Tue, Jul 05, 2005 - Page 16 News List

Einstein's view on the atomic bomb revealed

This is "Einstein Year" and the 60th anniversary of the world's only nuclear attacks. The scientist's attitude toward the bomb was shown in previously unpublished letters to a Japanese couple

AFP , Tokyo

Eighty-year-old Nobuko Shinohara, widow of philosopher and German-Japanese translator Seiei Shinohara, shows a black-and-white photograph with an Albert Einstein autograph. Shinohara is to go public with the German genius' letters deploring his lack of power to prevent the use of atomic bombs on Hiroshima and Nagasaki.

PHOTO: AFP

Previously unpublished letters by Albert Einstein to a Japanese pen pal show the physicist to be defensive over the atomic bombings of Hiroshima and Nagasaki which became possible partly through his genius.

The widow of Seiei Shinohara, a philosopher and German-Japanese translator who corresponded with Einstein in the last years of the scientist's life, has chosen to go public with the letters on the 60th anniversary of the world's only nuclear attacks.

Einstein's opposition to nuclear warfare has already been documented, but his letters to Shinohara also show him defending himself on a personal level and trying to reconcile his pacifism.

The correspondence began in 1953 when Shinohara sent a letter to Einstein criticizing the physicist over his role in developing nuclear weapons.

Einstein responded by hand on the back of the typed letter, beginning his rebuttal without bothering to offer greetings.

"I have always condemned the use of the atomic bomb against Japan but I could not do anything at all to prevent that fateful decision," Einstein wrote in German to Shinohara in a letter dated June 23, 1953.

This year marks the centennial of Einstein's theory of relativity. He argued that distance and time are not absolute, leading to his most famous formula, E=mc2, which was essential for the development of the atomic bombs dropped on Japan by the US.

The Hiroshima bombing killed around 140,000 people -- almost half the city population of the time -- immediately or in the months afterward from radiation injuries or horrific burns.

More than 70,000 more people died three days later in the bombing of Nagasaki. After six days Emperor Hirohito went on the radio for the first time to announce the surrender of Japan, which since the war has campaigned to abolish nuclear weapons.

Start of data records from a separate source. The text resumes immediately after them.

(* $\displaystyle\lim_{\alpha\to+\infty}\tilde\theta_\alpha=\frac\pi4.$
   Context: For $\alpha>0$ and $\theta\in\mathbb{R}$ set $C_{\alpha,\theta}=\frac{\sin(2\theta)}{2\alpha}$ and $P_{\alpha,\theta}(x)=\alpha^2+\cos(2\theta)x^2-C_{\alpha,\theta}^2x^4$. Let $\theta^+_\alpha=\pi/2$ if $\alpha>1$, and $\theta^+_\alpha=\frac12\arccos(1-2\alpha^2)$ if $\alpha\le1$. Define $$L(\alpha,\theta)=\int_{-1}^1\frac{2\alpha C_{\alpha,\theta}^2x^2-\alpha\cos(2\theta)+C_{\alpha,\theta}^2x^2\sqrt{P_{\alpha,\theta}(x)}}{\sqrt{(1-x^2)P_{\alpha,\theta}(x)}\,\big(\alpha+\sqrt{P_{\alpha,\theta}(x)}\big)}\,dx.$$ For each $\alpha>0$, $\tilde\theta_\alpha$ denotes the unique $\theta\in(0,\theta^+_\alpha)\cap(0,\pi/4)$ with $L(\alpha,\theta)=0$. *)

theory Defs
  imports "HOL-Analysis.Analysis"
begin

definition C_coef :: "real \<Rightarrow> real \<Rightarrow> real" where
  "C_coef \<alpha> \<theta> = sin (2 * \<theta>) / (2 * \<alpha>)"

definition P_poly :: "real \<Rightarrow> real \<Rightarrow> real \<Rightarrow> real" where
  "P_poly \<alpha> \<theta> x = \<alpha>\<^sup>2 + cos (2 * \<theta>) * x\<^sup>2 - (C_coef \<alpha> \<theta>)\<^sup>2 * x ^ 4"

definition theta_plus :: "real \<Rightarrow> real" where
  "theta_plus \<alpha> = (if \<alpha> > 1 then pi / 2 else arccos (1 - 2 * \<alpha>\<^sup>2) / 2)"

definition L_fun :: "real \<Rightarrow> real \<Rightarrow> real" where
  "L_fun \<alpha> \<theta> = integral {-1..1} (\<lambda>x.
     (2 * \<alpha> * (C_coef \<alpha> \<theta>)\<^sup>2 * x\<^sup>2 - \<alpha> * cos (2 * \<theta>)
        + (C_coef \<alpha> \<theta>)\<^sup>2 * x\<^sup>2 * sqrt (P_poly \<alpha> \<theta> x))
     / (sqrt ((1 - x\<^sup>2) * P_poly \<alpha> \<theta> x) * (\<alpha> + sqrt (P_poly \<alpha> \<theta> x))))"

definition theta_tilde :: "real \<Rightarrow> real" where
  "theta_tilde \<alpha> = (THE \<theta>. \<theta> \<in> {0<..<theta_plus \<alpha>} \<inter> {0<..<pi/4} \<and> L_fun \<alpha> \<theta> = 0)"

end

theory Submission
  imports Defs "HOL-Real_Asymp.Real_Asymp"
begin

text \<open>
  Substituting \<open>x = sin t\<close> and writing \<open>c = cos (2\<theta>)\<close>, so that \<open>C\<^sup>2 = (1 - c\<^sup>2) / (4\<alpha>\<^sup>2)\<close>,
  turns \<open>L(\<alpha>,\<theta>)\<close> into the integral \<open>L_cos \<alpha> c\<close> of a continuous integrand over
  \<open>[-\<pi>/2, \<pi>/2]\<close>. For \<open>\<alpha> \<ge> 3\<close> the integrand is strictly decreasing in \<open>c\<close>, nonnegative
  for \<open>c = 0\<close> and negative once \<open>c \<alpha>\<^sup>2 > 6\<close>. Hence \<open>L_cos \<alpha>\<close> has exactly one root
  \<open>c\<^sub>\<alpha> \<in> (0, 6/\<alpha>\<^sup>2]\<close>, and \<open>\<theta>\<^sub>\<alpha> = arccos c\<^sub>\<alpha> / 2 \<rightarrow> arccos 0 / 2 = \<pi>/4\<close>.
\<close>

definition C_sq :: "real \<Rightarrow> real \<Rightarrow> real" where
  "C_sq a c = (1 - c\<^sup>2) / (4 * a\<^sup>2)"

definition P_quad :: "real \<Rightarrow> real \<Rightarrow> real \<Rightarrow> real" where
  "P_quad a c y = a\<^sup>2 + c * y - C_sq a c * y\<^sup>2"

text \<open>The integrand of \<open>L\<close> without the factor \<open>1 / sqrt (1 - x\<^sup>2)\<close>, which is absorbed
  by the substitution \<open>x = sin t\<close>.\<close>
definition L_integrand :: "real \<Rightarrow> real \<Rightarrow> real \<Rightarrow> real" where
  "L_integrand a c x =
     (2 * a * C_sq a c * x\<^sup>2 - a * c + C_sq a c * x\<^sup>2 * sqrt (P_quad a c (x\<^sup>2)))
     / (sqrt (P_quad a c (x\<^sup>2)) * (a + sqrt (P_quad a c (x\<^sup>2))))"

definition L_cos :: "real \<Rightarrow> real \<Rightarrow> real" where
  "L_cos a c = integral {-(pi/2)..pi/2} (\<lambda>t. L_integrand a c (sin t))"

lemma C_sq_bounds:
  assumes "0 \<le> c" "c \<le> 1"
  shows "0 \<le> C_sq a c \<and> C_sq a c \<le> 1 / (4 * a\<^sup>2)"
  unfolding C_sq_def using assms by (auto simp: divide_right_mono power_le_one)

lemma C_sq_antimono:
  assumes "0 \<le> c1" "c1 \<le> c2"
  shows "C_sq a c2 \<le> C_sq a c1"
  unfolding C_sq_def using assms by (intro divide_right_mono diff_mono power_mono) auto

lemma P_quad_bounds:
  assumes "a \<ge> 3" "0 \<le> c" "c \<le> 1" "0 \<le> y" "y \<le> 1"
  shows "a\<^sup>2 / 4 \<le> P_quad a c y \<and> P_quad a c y \<le> (a + 1)\<^sup>2"
proof -
  have C: "0 \<le> C_sq a c" "C_sq a c \<le> 1 / (4 * a\<^sup>2)" using C_sq_bounds assms by auto
  have "1 \<le> a\<^sup>2" using assms by (simp add: one_le_power)
  then have "1 / (4 * a\<^sup>2) \<le> 1" by (simp add: divide_le_eq)
  have y2: "y\<^sup>2 \<le> 1" "0 \<le> y\<^sup>2" using assms by (auto simp: power_le_one)
  have "C_sq a c * y\<^sup>2 \<le> 1" using C y2 \<open>1 / (4 * a\<^sup>2) \<le> 1\<close> by (meson mult_le_one order_trans)
  moreover have "0 \<le> C_sq a c * y\<^sup>2" using C y2 by simp
  moreover have "c * y \<le> 1" "0 \<le> c * y" using assms by (auto simp: mult_le_one)
  moreover have "9 \<le> a * a" using assms mult_mono[of 3 a 3 a] by simp
  moreover have "(a + 1)\<^sup>2 = a * a + 2 * a + 1" "a\<^sup>2 = a * a"
    by (simp_all add: power2_eq_square algebra_simps)
  ultimately show ?thesis unfolding P_quad_def using assms by (simp only:) linarith
qed

lemma sqrt_P_quad_bounds:
  assumes "a \<ge> 3" "0 \<le> c" "c \<le> 1" "0 \<le> y" "y \<le> 1"
  shows "a / 2 \<le> sqrt (P_quad a c y) \<and> sqrt (P_quad a c y) \<le> a + 1"
proof -
  from P_quad_bounds[OF assms] have P: "a\<^sup>2 / 4 \<le> P_quad a c y" "P_quad a c y \<le> (a + 1)\<^sup>2" by auto
  have "a / 2 \<le> sqrt (P_quad a c y)" by (rule real_le_rsqrt) (use P in \<open>simp add: power_divide\<close>)
  moreover have "sqrt (P_quad a c y) \<le> a + 1" by (rule real_le_lsqrt) (use assms P in auto)
  ultimately show ?thesis by simp
qed

lemma P_quad_increment:
  assumes "a \<ge> 3" "0 \<le> c1" "c1 \<le> c2" "c2 \<le> 1" "0 \<le> y" "y \<le> 1"
  shows "P_quad a c1 y \<le> P_quad a c2 y \<and> P_quad a c2 y - P_quad a c1 y \<le> 3 * (c2 - c1)"
proof -
  have sq: "c1\<^sup>2 \<le> c2\<^sup>2" using assms by (intro power_mono) auto
  have "C_sq a c1 - C_sq a c2 = (c2\<^sup>2 - c1\<^sup>2) / (4 * a\<^sup>2)"
    unfolding C_sq_def by (simp add: diff_divide_distrib)
  also have "\<dots> \<le> c2\<^sup>2 - c1\<^sup>2"
  proof -
    have "3\<^sup>2 \<le> a\<^sup>2" using assms by (intro power_mono) auto
    then have "(c2\<^sup>2 - c1\<^sup>2) * 1 \<le> (c2\<^sup>2 - c1\<^sup>2) * (4 * a\<^sup>2)" using sq by (intro mult_left_mono) auto
    then show ?thesis using assms by (simp add: divide_le_eq)
  qed
  also have "\<dots> = (c2 - c1) * (c2 + c1)" by (simp add: power2_eq_square algebra_simps)
  also have "\<dots> \<le> (c2 - c1) * 2" using assms by (intro mult_left_mono) auto
  finally have C_diff: "C_sq a c1 - C_sq a c2 \<le> 2 * (c2 - c1)" by simp
  have C_anti: "C_sq a c2 \<le> C_sq a c1" using C_sq_antimono assms by simp
  have "P_quad a c2 y - P_quad a c1 y = (c2 - c1) * y + (C_sq a c1 - C_sq a c2) * y\<^sup>2"
    unfolding P_quad_def by (simp add: algebra_simps)
  moreover have "(c2 - c1) * y + (C_sq a c1 - C_sq a c2) * y\<^sup>2 \<le> (c2 - c1) * 1 + (2 * (c2 - c1)) * 1"
    using assms C_diff C_anti by (intro add_mono mult_mono) (auto simp: power_le_one)
  moreover have "0 \<le> (c2 - c1) * y + (C_sq a c1 - C_sq a c2) * y\<^sup>2"
    using assms C_anti by simp
  ultimately show ?thesis by simp
qed

lemma L_integrand_split:
  assumes "a \<ge> 3" "0 \<le> c" "c \<le> 1" "x\<^sup>2 \<le> 1"
  defines "u \<equiv> sqrt (P_quad a c (x\<^sup>2))"
  shows "L_integrand a c x = C_sq a c * x\<^sup>2 * (1 / u + a / (u * (a + u))) - a * c / (u * (a + u))"
proof -
  have "a / 2 \<le> u" using sqrt_P_quad_bounds[of a c "x\<^sup>2"] assms unfolding u_def by auto
  then have "u > 0" "a + u > 0" using assms by linarith+
  then have "1 / u + a / (u * (a + u)) = (2 * a + u) / (u * (a + u))"
    by (simp add: divide_simps)
  then show ?thesis
    unfolding L_integrand_def u_def[symmetric] by (simp add: diff_divide_distrib algebra_simps)
qed

text \<open>With \<open>u\<^sub>i = sqrt P(c\<^sub>i)\<close>, this says \<open>c\<^sub>1 / (u\<^sub>1 (a + u\<^sub>1)) < c\<^sub>2 / (u\<^sub>2 (a + u\<^sub>2))\<close>:
  the growth of \<open>u\<close> in \<open>c\<close> is too slow to compensate the growth of \<open>c\<close>.\<close>
lemma cos_term_less:
  fixes a c1 c2 u1 u2 :: real
  assumes "a \<ge> 3" "0 \<le> c1" "c1 < c2" "c2 \<le> 1" "a / 2 \<le> u1" "u1 \<le> u2"
    "(u2 - u1) * (u1 + u2) \<le> 3 * (c2 - c1)"
  shows "c1 * (u2 * (a + u2)) < c2 * (u1 * (a + u1))"
proof -
  define X where "X = (u2 - u1) * (a + u1 + u2)"
  define Y where "Y = u1 * (a + u1)"
  define D where "D = c2 - c1"
  have "X \<le> (u2 - u1) * (2 * (u1 + u2))"
    unfolding X_def using assms by (intro mult_left_mono) auto
  also have "\<dots> = 2 * ((u2 - u1) * (u1 + u2))" by (simp add: algebra_simps)
  finally have "X \<le> 6 * D" using assms unfolding D_def by linarith
  moreover have "c1 * X \<le> X"
    using assms mult_right_mono[of c1 1 X] unfolding X_def by auto
  moreover have "(3/2) * (9/2) \<le> Y" unfolding Y_def using assms by (intro mult_mono) auto
  then have "D * (27/4) \<le> D * Y" using assms unfolding D_def by (intro mult_left_mono) auto
  moreover have "0 < D" using assms unfolding D_def by simp
  ultimately have "0 < D * Y - c1 * X" by linarith
  moreover have "c2 * (u1 * (a + u1)) - c1 * (u2 * (a + u2)) = D * Y - c1 * X"
    unfolding X_def Y_def D_def by (simp add: algebra_simps)
  ultimately show ?thesis by simp
qed

lemma L_integrand_strict_antimono:
  assumes "a \<ge> 3" "0 \<le> c1" "c1 < c2" "c2 \<le> 1" "x\<^sup>2 \<le> 1"
  shows "L_integrand a c2 x < L_integrand a c1 x"
proof -
  define y where "y = x\<^sup>2"
  have y: "0 \<le> y" "y \<le> 1" using assms by (auto simp: y_def)
  define u1 where "u1 = sqrt (P_quad a c1 y)"
  define u2 where "u2 = sqrt (P_quad a c2 y)"
  have u1: "a / 2 \<le> u1" using sqrt_P_quad_bounds[of a c1 y] assms y by (auto simp: u1_def)
  have u2: "a / 2 \<le> u2" using sqrt_P_quad_bounds[of a c2 y] assms y by (auto simp: u2_def)
  have P: "P_quad a c1 y \<le> P_quad a c2 y" "P_quad a c2 y - P_quad a c1 y \<le> 3 * (c2 - c1)"
    using P_quad_increment[of a c1 c2 y] assms y by auto
  have P_nonneg: "0 \<le> P_quad a c1 y" "0 \<le> P_quad a c2 y"
    using P_quad_bounds[of a c1 y] P_quad_bounds[of a c2 y] y assms
    by (smt (verit) zero_le_divide_iff zero_le_power2)+
  have u12: "u1 \<le> u2" unfolding u1_def u2_def using P by simp
  have "(u2 - u1) * (u1 + u2) = P_quad a c2 y - P_quad a c1 y"
    using P_nonneg by (simp add: u1_def u2_def power2_eq_square[symmetric] algebra_simps)
  then have "c1 * (u2 * (a + u2)) < c2 * (u1 * (a + u1))"
    using cos_term_less[of a c1 c2 u1 u2] assms u1 u12 P by simp
  moreover have "0 < u1 * (a + u1)" "0 < u2 * (a + u2)" using u1 u2 assms by auto
  ultimately have cos_term: "a * c1 / (u1 * (a + u1)) < a * c2 / (u2 * (a + u2))"
    using assms by (simp add: divide_simps)
  have "1 / u2 + a / (u2 * (a + u2)) \<le> 1 / u1 + a / (u1 * (a + u1))"
    using u1 u2 u12 assms by (intro add_mono divide_left_mono mult_mono) auto
  moreover have "0 \<le> 1 / u2 + a / (u2 * (a + u2))" using u2 assms by auto
  moreover have "0 \<le> C_sq a c2" "C_sq a c2 \<le> C_sq a c1"
    using C_sq_bounds[of c2 a] C_sq_antimono[of c1 c2 a] assms by auto
  ultimately have "C_sq a c2 * y * (1 / u2 + a / (u2 * (a + u2)))
      \<le> C_sq a c1 * y * (1 / u1 + a / (u1 * (a + u1)))"
    using y by (intro mult_mono) auto
  then show ?thesis
    using L_integrand_split[of a c1 x] L_integrand_split[of a c2 x] assms cos_term
    unfolding u1_def u2_def y_def by simp
qed

lemma L_integrand_le:
  assumes "a \<ge> 3" "0 \<le> c" "c \<le> 1" "x\<^sup>2 \<le> 1"
  shows "L_integrand a c x \<le> 1 / a^3 - c / (6 * a)"
proof -
  define u where "u = sqrt (P_quad a c (x\<^sup>2))"
  have u: "a / 2 \<le> u" "u \<le> a + 1" using sqrt_P_quad_bounds[of a c "x\<^sup>2"] assms by (auto simp: u_def)
  have C: "0 \<le> C_sq a c" "C_sq a c \<le> 1 / (4 * a\<^sup>2)" using C_sq_bounds assms by auto
  have "1 / u \<le> 1 / (a / 2)" using u assms by (intro divide_left_mono) auto
  moreover have "a / (u * (a + u)) \<le> a / ((a / 2) * (a + a / 2))"
    using u assms by (intro divide_left_mono mult_mono) auto
  moreover have "a / ((a / 2) * (a + a / 2)) \<le> 2 / a" using assms by (simp add: field_simps)
  ultimately have "1 / u + a / (u * (a + u)) \<le> 4 / a" by simp
  moreover have "0 \<le> 1 / u + a / (u * (a + u))" using u assms by auto
  ultimately have "C_sq a c * x\<^sup>2 * (1 / u + a / (u * (a + u))) \<le> (1 / (4 * a\<^sup>2)) * 1 * (4 / a)"
    using C assms by (intro mult_mono) auto
  also have "\<dots> = 1 / a^3" by (simp add: power2_eq_square power3_eq_cube)
  finally have sin_term: "C_sq a c * x\<^sup>2 * (1 / u + a / (u * (a + u))) \<le> 1 / a^3" .
  have "u * (a + u) \<le> (a + 1) * (a + (a + 1))" using u assms by (intro mult_mono add_mono) auto
  also have "\<dots> \<le> 6 * a\<^sup>2"
  proof -
    have "a * 3 \<le> a * a" using assms by (intro mult_left_mono) auto
    moreover have "(a + 1) * (a + (a + 1)) = 2 * (a * a) + 3 * a + 1" "6 * a\<^sup>2 = 6 * (a * a)"
      by (simp_all add: power2_eq_square algebra_simps)
    ultimately show ?thesis using assms by linarith
  qed
  finally have "a * c / (6 * a\<^sup>2) \<le> a * c / (u * (a + u))"
    using u assms by (intro divide_left_mono) auto
  then have cos_term: "c / (6 * a) \<le> a * c / (u * (a + u))"
    using assms by (simp add: power2_eq_square)
  show ?thesis using L_integrand_split[OF assms] sin_term cos_term unfolding u_def by simp
qed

"The only consolation, it seems to me, in the development of nuclear bombs is that this time the deterrent effect will prevail and the development of international security will accelerate," Einstein wrote in another letter.

`Convinced pacifist'

But Einstein, whose Jewish origins led him to flee Germany in 1933 for the US after Adolf Hitler came to power, also said that war was sometimes acceptable.

"I didn't write that I was an absolute pacifist but that I have always been a convinced pacifist. That means there are circumstances in which in my opinion it is necessary to use force," he wrote.

"Such a case would be when I face an opponent whose unconditional aim is to destroy me and my people," he said. "Therefore the use of force against Nazi Germany was in my opinion justified and necessary."

Shinohara, who studied philosophy in Germany before returning to Tokyo in 1947, died of a stroke in 2001 at age 89. His letters have since been kept in private by his widow, Nobuko Shinohara.

The correspondence ended in July 1954, a year before Einstein died, dashing Shinohara's dream to meet the physicist face to face.

"My husband first sent the letter with anger and I guess Dr Einstein replied with annoyance," said Shinohara, 80.

"But later Dr Einstein and my husband formed a friendship through exchanging letters," she said.

She noted that this year was designated as "Einstein Year" to mark the 100th anniversary of three of the physicist's four papers that changed the way we view the universe.

"I decided to look for a suitable museum to display the letters in public because I reached a conclusion that it's good for a lot of people to have a chance of seeing them directly," Shinohara said.